3. Write the null and research hypothesis in words and symbols.

  • Null Hypothesis: There is no correlation between the body mass and bill length of penguins.
  • Alternate Hypothesis: There is a correlation between the body mass and bill length of penguins.

Let \(\rho\) be the true correlation between body mass and bill length of penguins.

\(H_{0}: \rho=0\) There is no correlation.

\(H_{A}: \rho \neq 0\) There is a correlation

4. Identify, justify, and perform the analysis

  • Pearsons test of correlation will be conducted.

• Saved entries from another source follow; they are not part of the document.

lemma derivable_left_mult_FOr_diff:
  assumes "derivable n T ((tr_eval Z :: 'a::comm_ring_1 free_alg) * tr_eval A - tr_eval Z * tr_eval A') s\<^sub>A"
    and "derivable n T ((tr_eval Z :: 'a free_alg) * tr_eval B - tr_eval Z * tr_eval B') s\<^sub>B"
    and "atoms Z \<subseteq> {1..n}" "atoms A' \<subseteq> {1..n}" "atoms B \<subseteq> {1..n}" "atoms B' \<subseteq> {1..n}"
    and "tr_size Z \<le> M" "tr_size A' \<le> M" "tr_size B \<le> M" "tr_size B' \<le> M"
  shows "derivable n T ((tr_eval Z :: 'a free_alg) * tr_eval (FOr A B) - tr_eval Z * tr_eval (FOr A' B'))
    (s\<^sub>A + s\<^sub>B + 40 * M ^ 4)"
proof -
  let ?z = "tr_eval Z :: 'a free_alg" and ?C = "9 * tr_size Z ^ 2 * tr_size A' ^ 2"
  \<comment> \<open>commuting \<open>Z\<close> past \<open>A'\<close> is what lets the two differences be combined\<close>
  have "derivable n T ((?z * tr_eval A - ?z * tr_eval A') * tr_eval B + (?z * tr_eval A' - tr_eval A' * ?z) * tr_eval B
      + tr_eval A' * (?z * tr_eval B - ?z * tr_eval B') - (?z * tr_eval A' - tr_eval A' * ?z) * tr_eval B')
    ((s\<^sub>A + tr_size B + 1) + (?C + tr_size B + 1) + 1 + (s\<^sub>B + tr_size A' + 1) + 1 + (?C + tr_size B' + 1) + 3)"
    using assms
    by (intro derivable_diff derivable_add derivable_tr_mult_left derivable_tr_mult_right derivable_tr_commutator)
  moreover have "?C \<le> 9 * M ^ 4" "tr_size A' \<le> M ^ 4" "tr_size B \<le> M ^ 4" "tr_size B' \<le> M ^ 4" "1 \<le> M ^ 4"
    using assms(7-10) tr_size_pos[of Z]
    by (simp_all add: nat_sq_mult_sq_le nat_le_power mult.assoc)
  ultimately show ?thesis by (elim derivable_cong) (simp_all add: algebra_simps)
qed
(* For all integers $k_1,k_2,d_1,d_2\geq 1$ there exist graphs $G_1$ and $G_2$ such that, for $i\in\{1,2\}$, $G_i$ has maximum degree $\Delta_i:=k_id_i$ and degeneracy $d_i$, and $$\operatorname{degen}(G_1\boxtimes G_2)=d_1+d_2+\min\{d_1\Delta_2,\ d_2\Delta_1\}.$$
   Context: The degeneracy $\operatorname{degen}(G)$ of a graph $G$ is the minimum integer $d$ such that every subgraph of $G$ has minimum degree at most $d$. The strong product $G_1 \boxtimes G_2$ has vertex set $V(G_1)\times V(G_2)$, with distinct vertices $(a,v),(b,u)$ adjacent iff ($a=b$ or $ab\in E(G_1)$) and ($u=v$ or $uv\in E(G_2)$). *)

theory Defs
  imports Main
begin

definition simple_graph :: "'a set \<Rightarrow> ('a \<Rightarrow> 'a \<Rightarrow> bool) \<Rightarrow> bool" where
  "simple_graph V E \<longleftrightarrow> finite V \<and>
     (\<forall>u v. E u v \<longrightarrow> u \<in> V \<and> v \<in> V \<and> u \<noteq> v \<and> E v u)"

definition degree :: "'a set \<Rightarrow> ('a \<Rightarrow> 'a \<Rightarrow> bool) \<Rightarrow> 'a \<Rightarrow> nat" where
  "degree V E v = card {u \<in> V. E v u}"

definition max_degree :: "'a set \<Rightarrow> ('a \<Rightarrow> 'a \<Rightarrow> bool) \<Rightarrow> nat" where
  "max_degree V E = (if V = {} then 0 else Max (degree V E ` V))"

definition subgraph :: "'a set \<Rightarrow> ('a \<Rightarrow> 'a \<Rightarrow> bool) \<Rightarrow> 'a set \<Rightarrow> ('a \<Rightarrow> 'a \<Rightarrow> bool) \<Rightarrow> bool" where
  "subgraph W F V E \<longleftrightarrow> W \<subseteq> V \<and> (\<forall>u v. F u v \<longrightarrow> E u v \<and> u \<in> W \<and> v \<in> W \<and> F v u)"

This is appropriate because both variables are quantitative.
  • The relationship between variables are reasonably linear
  • The sample size is large.
cor.test(pen$body_mass_g, pen$bill_length_mm)

    Pearson's product-moment correlation

data:  pen$body_mass_g and pen$bill_length_mm
t = 13.654, df = 340, p-value < 2.2e-16
alternative hypothesis: true correlation is not equal to 0
95 percent confidence interval:
 0.5220040 0.6595358
sample estimates:
      cor 
0.5951098 

5. Assess the evidence and make a conclusion.

The p-value is very small, there is sufficient evidence to reject the null and support the alternative.

# to calculate R^2 and the 95% CI
.595^2
[1] 0.354025
.522^2
[1] 0.272484
.659^2
[1] 0.434281

There was a statistically significant and strong correlation between the body mass (g) and bill length (mm) of penguins (r = 0.595, 95%CI .5220-.6595, p < .0001). The significant positive correlation shows that as the body mass of a penguin increases so does the bill length. These results suggest that 35% (95% CI: 27.2%-43.5%) of the variance in bill length can be explained by the body mass of the penguin.